section \<open>The closed-loop system\<close>

locale mean_field_feedback =
  fixes M0 :: "'w0 measure" and M1 :: "'w1 measure"
    and e0 :: "nat \<Rightarrow> 'w0 \<Rightarrow> real^'d" and e1 :: "nat \<Rightarrow> 'w1 \<Rightarrow> real^'d"
    and A Abar P Pbar :: "real^'d^'d"
    and B1 B1bar B2 B2bar :: "real^'l^'d"
    and G1 L1 G2 L2 :: "real^'d^'l"
    and x :: "nat \<Rightarrow> 'w0 \<times> 'w1 \<Rightarrow> real^'d"
    and u1 u2 :: "nat \<Rightarrow> 'w0 \<times> 'w1 \<Rightarrow> real^'l"
    and p :: "nat \<Rightarrow> 'w0 \<times> 'w1 \<Rightarrow> real^'d"
  assumes M0: "prob_space M0" and M1: "prob_space M1"
    and noise0: "noise_seq M0 e0" and noise1: "noise_seq M1 e1"
    and u1_def: "\<And>t \<omega>. u1 t \<omega> = G1 *v (P *v (x t \<omega> - cbar M1 (x t) \<omega>)) + L1 *v (Pbar *v cbar M1 (x t) \<omega>)"
    and u2_def: "\<And>t \<omega>. u2 t \<omega> = G2 *v (P *v (x t \<omega> - cbar M1 (x t) \<omega>)) + L2 *v (Pbar *v cbar M1 (x t) \<omega>)"
    and x0: "\<And>\<omega>. \<omega> \<in> space (M0 \<Otimes>\<^sub>M M1) \<Longrightarrow> x 0 \<omega> = e0 0 (fst \<omega>) + e1 0 (snd \<omega>)"
    and xSuc: "\<And>t \<omega>. \<omega> \<in> space (M0 \<Otimes>\<^sub>M M1) \<Longrightarrow>
       x (Suc t) \<omega> = A *v x t \<omega> + Abar *v cbar M1 (x t) \<omega>
                     + B1 *v u1 t \<omega> + B1bar *v cbar M1 (u1 t) \<omega>
                     + B2 *v u2 t \<omega> + B2bar *v cbar M1 (u2 t) \<omega>
                     + e0 (Suc t) (fst \<omega>) + e1 (Suc t) (snd \<omega>)"
    and p_def: "\<And>t \<omega>. p t \<omega> = P *v (x t \<omega> - cbar M1 (x t) \<omega>) + Pbar *v cbar M1 (x t) \<omega>"
begin

definition closed_loop_dev :: "real^'d^'d" where
  "closed_loop_dev = A + (B1 ** G1 + B2 ** G2) ** P"

definition closed_loop_mean :: "real^'d^'d" where
  "closed_loop_mean = (A + Abar) + ((B1 + B1bar) ** L1 + (B2 + B2bar) ** L2) ** Pbar"

text \<open>The constant E[\<epsilon>1_0] moves the mean of the initial idiosyncratic noise into the common
  part, so that x_dev is centred.\<close>

definition x_mean :: "nat \<Rightarrow> 'w0 \<Rightarrow> real^'d" where
  "x_mean = linear_recursion closed_loop_mean e0 (LINT w|M1. e1 0 w)"

definition x_dev :: "nat \<Rightarrow> 'w1 \<Rightarrow> real^'d" where
  "x_dev = linear_recursion closed_loop_dev e1 (- (LINT w|M1. e1 0 w))"

lemma x_mean_Suc: "x_mean (Suc t) w = closed_loop_mean *v x_mean t w + e0 (Suc t) w"
  by (simp add: x_mean_def)

lemma x_dev_Suc: "x_dev (Suc t) w = closed_loop_dev *v x_dev t w + e1 (Suc t) w"
  by (simp add: x_dev_def)

lemma noise_measurable: "e0 t \<in> borel_measurable M0" "e1 t \<in> borel_measurable M1"
  and noise_integrable: "integrable M0 (e0 t)" "integrable M1 (e1 t)"
  using noise0 noise1 unfolding noise_seq_def by auto

lemma integrable_x_mean: "integrable M0 (x_mean t)"
  unfolding x_mean_def using M0 noise_integrable
  by (intro integrable_linear_recursion) (auto simp: prob_space_def)

lemma integrable_x_dev: "integrable M1 (x_dev t)"
  unfolding x_dev_def using M1 noise_integrable
  by (intro integrable_linear_recursion) (auto simp: prob_space_def)

lemma integral_x_dev: "(LINT w|M1. x_dev t w) = 0"
  unfolding x_dev_def using M1 noise_integrable noise1
  by (intro integral_linear_recursion_eq_0) (auto simp: noise_seq_def)

lemma cbar_mean_plus_dev:
  fixes K :: "real^'d^'m"
  assumes \<xi>: "\<And>\<eta>. \<eta> \<in> space (M0 \<Otimes>\<^sub>M M1) \<Longrightarrow> \<xi> \<eta> = c (fst \<eta>) + K *v x_dev t (snd \<eta>)"
    and \<omega>: "\<omega> \<in> space (M0 \<Otimes>\<^sub>M M1)"
  shows "cbar M1 \<xi> \<omega> = c (fst \<omega>)"
proof -
  interpret M1: prob_space M1 by (rule M1)
  have "cbar M1 \<xi> \<omega> = (LINT w|M1. c (fst \<omega>) + K *v x_dev t w)"
    unfolding cbar_def using \<omega> by (intro Bochner_Integration.integral_cong) (auto simp: \<xi> space_pair_measure)
  also have "\<dots> = c (fst \<omega>) + K *v (LINT w|M1. x_dev t w)"
    using integrable_x_dev
    by (simp add: Bochner_Integration.integral_add integrable_bounded_linear[OF matrix_vector_mul_bounded_linear]
        integral_bounded_linear[OF matrix_vector_mul_bounded_linear] M1.prob_space)
  finally show ?thesis by (simp add: integral_x_dev)
qed

lemma feedback_decomposition:
  fixes K Kbar :: "real^'d^'m"
  assumes q: "\<And>\<omega>. q \<omega> = K *v (x t \<omega> - cbar M1 (x t) \<omega>) + Kbar *v cbar M1 (x t) \<omega>"
    and x_t: "\<And>\<eta>. \<eta> \<in> space (M0 \<Otimes>\<^sub>M M1) \<Longrightarrow> x t \<eta> = x_mean t (fst \<eta>) + x_dev t (snd \<eta>)"
    and \<omega>: "\<omega> \<in> space (M0 \<Otimes>\<^sub>M M1)"
  shows "q \<omega> = K *v x_dev t (snd \<omega>) + Kbar *v x_mean t (fst \<omega>)"
    and "cbar M1 q \<omega> = Kbar *v x_mean t (fst \<omega>)"
proof -
  have cbar_x_t: "cbar M1 (x t) \<eta> = x_mean t (fst \<eta>)" if "\<eta> \<in> space (M0 \<Otimes>\<^sub>M M1)" for \<eta>
    using x_t that by (intro cbar_mean_plus_dev[where K="mat 1"]) auto
  then show "q \<omega> = K *v x_dev t (snd \<omega>) + Kbar *v x_mean t (fst \<omega>)"
    using \<omega> by (simp add: q x_t)
  show "cbar M1 q \<omega> = Kbar *v x_mean t (fst \<omega>)"
    using \<omega> cbar_x_t by (intro cbar_mean_plus_dev[where K=K]) (simp add: q x_t add.commute)
qed

lemma x_decomposition:
  "\<omega> \<in> space (M0 \<Otimes>\<^sub>M M1) \<Longrightarrow> x t \<omega> = x_mean t (fst \<omega>) + x_dev t (snd \<omega>)"
proof (induction t arbitrary: \<omega>)
  case 0
  then show ?case by (simp add: x0 x_mean_def x_dev_def)
next
  case (Suc t)
  note u1 = feedback_decomposition[OF u1_def[unfolded matrix_vector_mul_assoc] Suc.IH Suc.prems]
  note u2 = feedback_decomposition[OF u2_def[unfolded matrix_vector_mul_assoc] Suc.IH Suc.prems]
  note x = feedback_decomposition[where K="mat 1" and Kbar="mat 1", OF _ Suc.IH Suc.prems]
  show ?case
    using xSuc[OF Suc.prems] u1 u2 x[of "x t"]
    by (simp add: x_mean_Suc x_dev_Suc closed_loop_mean_def closed_loop_dev_def
        algebra_simps flip: matrix_vector_mul_assoc)
qed

lemma cbar_x: "\<omega> \<in> space (M0 \<Otimes>\<^sub>M M1) \<Longrightarrow> cbar M1 (x t) \<omega> = x_mean t (fst \<omega>)"
  using feedback_decomposition(2)[where K="mat 1" and Kbar="mat 1", OF _ x_decomposition] by simp

lemma p_decomposition:
  assumes "\<omega> \<in> space (M0 \<Otimes>\<^sub>M M1)"
  shows "p t \<omega> = P *v x_dev t (snd \<omega>) + Pbar *v x_mean t (fst \<omega>)"
    and "cbar M1 (p t) \<omega> = Pbar *v x_mean t (fst \<omega>)"
  using feedback_decomposition[OF p_def x_decomposition assms] by auto

text \<open>Player 1 uses (c, k) = (2, -1/2), player 2 uses (c, k) = (-2, 1/2).\<close>

lemma first_order_condition:
  fixes R Rbar :: "real^'m^'m" and B Bbar :: "real^'m^'d" and G L :: "real^'d^'m"
  assumes RG: "R ** G = k *\<^sub>R transpose B" and RL: "(R + Rbar) ** L = k *\<^sub>R transpose (B + Bbar)"
    and ck: "c * k = -1"
    and u: "\<And>t \<omega>. u t \<omega> = G *v (P *v (x t \<omega> - cbar M1 (x t) \<omega>)) + L *v (Pbar *v cbar M1 (x t) \<omega>)"
  shows "AE \<omega> in M0 \<Otimes>\<^sub>M M1. transpose B *v p t \<omega> + c *\<^sub>R (R *v u t \<omega>)
           + transpose Bbar *v cbar M1 (p t) \<omega> + c *\<^sub>R (Rbar *v cbar M1 (u t) \<omega>) = 0"
proof (rule AE_I2)
  fix \<omega> assume \<omega>: "\<omega> \<in> space (M0 \<Otimes>\<^sub>M M1)"
  note u_t = feedback_decomposition[OF u[of t, unfolded matrix_vector_mul_assoc] x_decomposition \<omega>]
  show "transpose B *v p t \<omega> + c *\<^sub>R (R *v u t \<omega>)
      + transpose Bbar *v cbar M1 (p t) \<omega> + c *\<^sub>R (Rbar *v cbar M1 (u t) \<omega>) = 0"
    using first_order_identity[OF RG RL ck, of "P *v x_dev t (snd \<omega>)" "Pbar *v x_mean t (fst \<omega>)"]
    by (simp add: p_decomposition[OF \<omega>] u_t matrix_vector_mul_assoc)
qed

lemma measurable_p_noise_filt: "p t \<in> borel_measurable (noise_filt M0 M1 e0 e1 t)"
proof -
  have "(\<lambda>\<omega>. x_mean t (fst \<omega>)) \<in> borel_measurable (noise_filt M0 M1 e0 e1 t)"
    unfolding x_mean_def by (intro measurable_linear_recursion measurable_noise_filt_fst)
  moreover have "(\<lambda>\<omega>. x_dev t (snd \<omega>)) \<in> borel_measurable (noise_filt M0 M1 e0 e1 t)"
    unfolding x_dev_def by (intro measurable_linear_recursion measurable_noise_filt_snd)
  ultimately have "(\<lambda>\<omega>. P *v x_dev t (snd \<omega>) + Pbar *v x_mean t (fst \<omega>)) \<in> borel_measurable (noise_filt M0 M1 e0 e1 t)"
    by measurable
  then show ?thesis
    by (rule measurable_cong[THEN iffD1, rotated]) (simp add: p_decomposition)
qed

lemma integrable_p: "integrable (M0 \<Otimes>\<^sub>M M1) (p t)"
proof -
  have "integrable (M0 \<Otimes>\<^sub>M M1) (\<lambda>\<omega>. P *v x_dev t (snd \<omega>) + Pbar *v x_mean t (fst \<omega>))"
    using integrable_compose_snd[OF M0 M1 integrable_x_dev] integrable_compose_fst[OF M1 integrable_x_mean]
    by (intro Bochner_Integration.integrable_add integrable_bounded_linear[OF matrix_vector_mul_bounded_linear])
  then show ?thesis
    using Bochner_Integration.integrable_cong[OF refl, of "M0 \<Otimes>\<^sub>M M1" "p t"] by (simp add: p_decomposition)
qed

lemma adjoint_target_decomposition:
  fixes Q Qbar :: "real^'d^'d"
  assumes "\<gamma> \<noteq> 0"
    and ricP: "\<gamma> *\<^sub>R ((transpose A ** P + 2 *\<^sub>R Q) ** (A + (B1 ** G1 + B2 ** G2) ** P)) = P"
    and ricPbar: "\<gamma> *\<^sub>R ((transpose (A + Abar) ** Pbar + 2 *\<^sub>R (Q + Qbar))
                 ** ((A + Abar) + ((B1 + B1bar) ** L1 + (B2 + B2bar) ** L2) ** Pbar)) = Pbar"
    and \<omega>: "\<omega> \<in> space (M0 \<Otimes>\<^sub>M M1)"
  shows "transpose A *v p (Suc t) \<omega> + 2 *\<^sub>R (Q *v x (Suc t) \<omega>)
           + transpose Abar *v cbar M1 (p (Suc t)) \<omega> + 2 *\<^sub>R (Qbar *v cbar M1 (x (Suc t)) \<omega>)
         = (1 / \<gamma>) *\<^sub>R p t \<omega> + ((transpose (A + Abar) ** Pbar + 2 *\<^sub>R (Q + Qbar)) *v e0 (Suc t) (fst \<omega>)
             + (transpose A ** P + 2 *\<^sub>R Q) *v e1 (Suc t) (snd \<omega>))"
proof -
  define K K' where "K = transpose A ** P + 2 *\<^sub>R Q" and "K' = transpose (A + Abar) ** Pbar + 2 *\<^sub>R (Q + Qbar)"
  define a b where "a = x_mean (Suc t) (fst \<omega>)" and "b = x_dev (Suc t) (snd \<omega>)"
  have "K ** closed_loop_dev = (1 / \<gamma>) *\<^sub>R P" "K' ** closed_loop_mean = (1 / \<gamma>) *\<^sub>R Pbar"
    using arg_cong[OF ricP, of "scaleR (1 / \<gamma>)"] arg_cong[OF ricPbar, of "scaleR (1 / \<gamma>)"] \<open>\<gamma> \<noteq> 0\<close>
    by (simp_all add: K_def K'_def closed_loop_dev_def closed_loop_mean_def)
  then have "K *v b + K' *v a = (1 / \<gamma>) *\<^sub>R p t \<omega> + (K' *v e0 (Suc t) (fst \<omega>) + K *v e1 (Suc t) (snd \<omega>))"
    unfolding a_def b_def x_mean_Suc x_dev_Suc p_decomposition(1)[OF \<omega>]
    by (simp add: matrix_vector_right_distrib matrix_vector_mul_assoc algebra_simps scaleR_matrix_vector_assoc)
  moreover have "transpose A *v p (Suc t) \<omega> + 2 *\<^sub>R (Q *v x (Suc t) \<omega>)
           + transpose Abar *v cbar M1 (p (Suc t)) \<omega> + 2 *\<^sub>R (Qbar *v cbar M1 (x (Suc t)) \<omega>)
         = K *v b + K' *v a"
    unfolding a_def b_def K_def K'_def p_decomposition[OF \<omega>] x_decomposition[OF \<omega>] cbar_x[OF \<omega>]
    by (simp add: algebra_simps transpose_add scaleR_matrix_vector_assoc flip: matrix_vector_mul_assoc)
  ultimately show ?thesis
    by (simp add: K_def K'_def)
qed

lemma adjoint_process_feedback:
  fixes Q Qbar :: "real^'d^'d"
  assumes "\<gamma> \<noteq> 0"
    and ricP: "\<gamma> *\<^sub>R ((transpose A ** P + 2 *\<^sub>R Q) ** (A + (B1 ** G1 + B2 ** G2) ** P)) = P"
    and ricPbar: "\<gamma> *\<^sub>R ((transpose (A + Abar) ** Pbar + 2 *\<^sub>R (Q + Qbar))
                 ** ((A + Abar) + ((B1 + B1bar) ** L1 + (B2 + B2bar) ** L2) ** Pbar)) = Pbar"
  shows "adjoint_process M0 M1 e0 e1 \<gamma> A Abar Q Qbar x p"
  unfolding adjoint_process_def
proof (intro conjI allI)
  fix t
  show "p t \<in> borel_measurable (noise_filt M0 M1 e0 e1 t)"
    by (rule measurable_p_noise_filt)
  define K K' where "K = transpose A ** P + 2 *\<^sub>R Q" and "K' = transpose (A + Abar) ** Pbar + 2 *\<^sub>R (Q + Qbar)"
  interpret sigma_finite_subalgebra "M0 \<Otimes>\<^sub>M M1" "noise_filt M0 M1 e0 e1 t"
    using M0 M1 noise_measurable by (intro sigma_finite_subalgebra_noise_filt)
  have "AE \<omega> in M0 \<Otimes>\<^sub>M M1. vcond_exp (M0 \<Otimes>\<^sub>M M1) (noise_filt M0 M1 e0 e1 t)
          (\<lambda>\<eta>. transpose A *v p (Suc t) \<eta> + 2 *\<^sub>R (Q *v x (Suc t) \<eta>)
               + transpose Abar *v cbar M1 (p (Suc t)) \<eta> + 2 *\<^sub>R (Qbar *v cbar M1 (x (Suc t)) \<eta>)) \<omega>
        = (1 / \<gamma>) *\<^sub>R p t \<omega>"
  proof (rule vcond_exp_measurable_plus_orthogonal)
    show "integrable (M0 \<Otimes>\<^sub>M M1) (\<lambda>\<omega>. (1 / \<gamma>) *\<^sub>R p t \<omega>)"
      using integrable_p by (rule integrable_scaleR_right)
    show "(\<lambda>\<omega>. (1 / \<gamma>) *\<^sub>R p t \<omega>) \<in> borel_measurable (noise_filt M0 M1 e0 e1 t)"
      using measurable_p_noise_filt by measurable
    show "integrable (M0 \<Otimes>\<^sub>M M1) (\<lambda>\<omega>. K' *v e0 (Suc t) (fst \<omega>) + K *v e1 (Suc t) (snd \<omega>))"
      using integrable_compose_fst[OF M1 noise_integrable(1)] integrable_compose_snd[OF M0 M1 noise_integrable(2)]
      by (intro Bochner_Integration.integrable_add integrable_bounded_linear[OF matrix_vector_mul_bounded_linear])
    show "(\<integral>\<omega>. indicator S \<omega> * (K' *v e0 (Suc t) (fst \<omega>) + K *v e1 (Suc t) (snd \<omega>)) $ i \<partial>(M0 \<Otimes>\<^sub>M M1)) = 0"
      if "S \<in> sets (noise_filt M0 M1 e0 e1 t)" for S i
      using integral_indicator_noise_filt_mult_next[OF M0 M1 noise0 noise1 that,
          of "\<lambda>v. (K' *v v) $ i" "\<lambda>v. (K *v v) $ i"]
      by (simp add: bounded_linear_compose[OF bounded_linear_vec_nth matrix_vector_mul_bounded_linear])
  qed (use adjoint_target_decomposition[OF assms] in \<open>simp add: K_def K'_def\<close>)
  then show "AE \<omega> in M0 \<Otimes>\<^sub>M M1. p t \<omega> = \<gamma> *\<^sub>R vcond_exp (M0 \<Otimes>\<^sub>M M1) (noise_filt M0 M1 e0 e1 t)
          (\<lambda>\<eta>. transpose A *v p (Suc t) \<eta> + 2 *\<^sub>R (Q *v x (Suc t) \<eta>)
               + transpose Abar *v cbar M1 (p (Suc t)) \<eta> + 2 *\<^sub>R (Qbar *v cbar M1 (x (Suc t)) \<eta>)) \<omega>"
    by eventually_elim (simp add: \<open>\<gamma> \<noteq> 0\<close>)
qed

──────

What the task requires: Each line of the data that has the string "Bbar" should be returned.

Answer space:
  fixes R Rbar :: "real^'m^'m" and B Bbar :: "real^'m^'d" and G L :: "real^'d^'m"
  assumes RG: "R ** G = k *\<^sub>R transpose B" and RL: "(R + Rbar) ** L = k *\<^sub>R transpose (B + Bbar)"
           + transpose Bbar *v cbar M1 (p t) \<omega> + c *\<^sub>R (Rbar *v cbar M1 (u t) \<omega>) = 0"
      + transpose Bbar *v cbar M1 (p t) \<omega> + c *\<^sub>R (Rbar *v cbar M1 (u t) \<omega>) = 0"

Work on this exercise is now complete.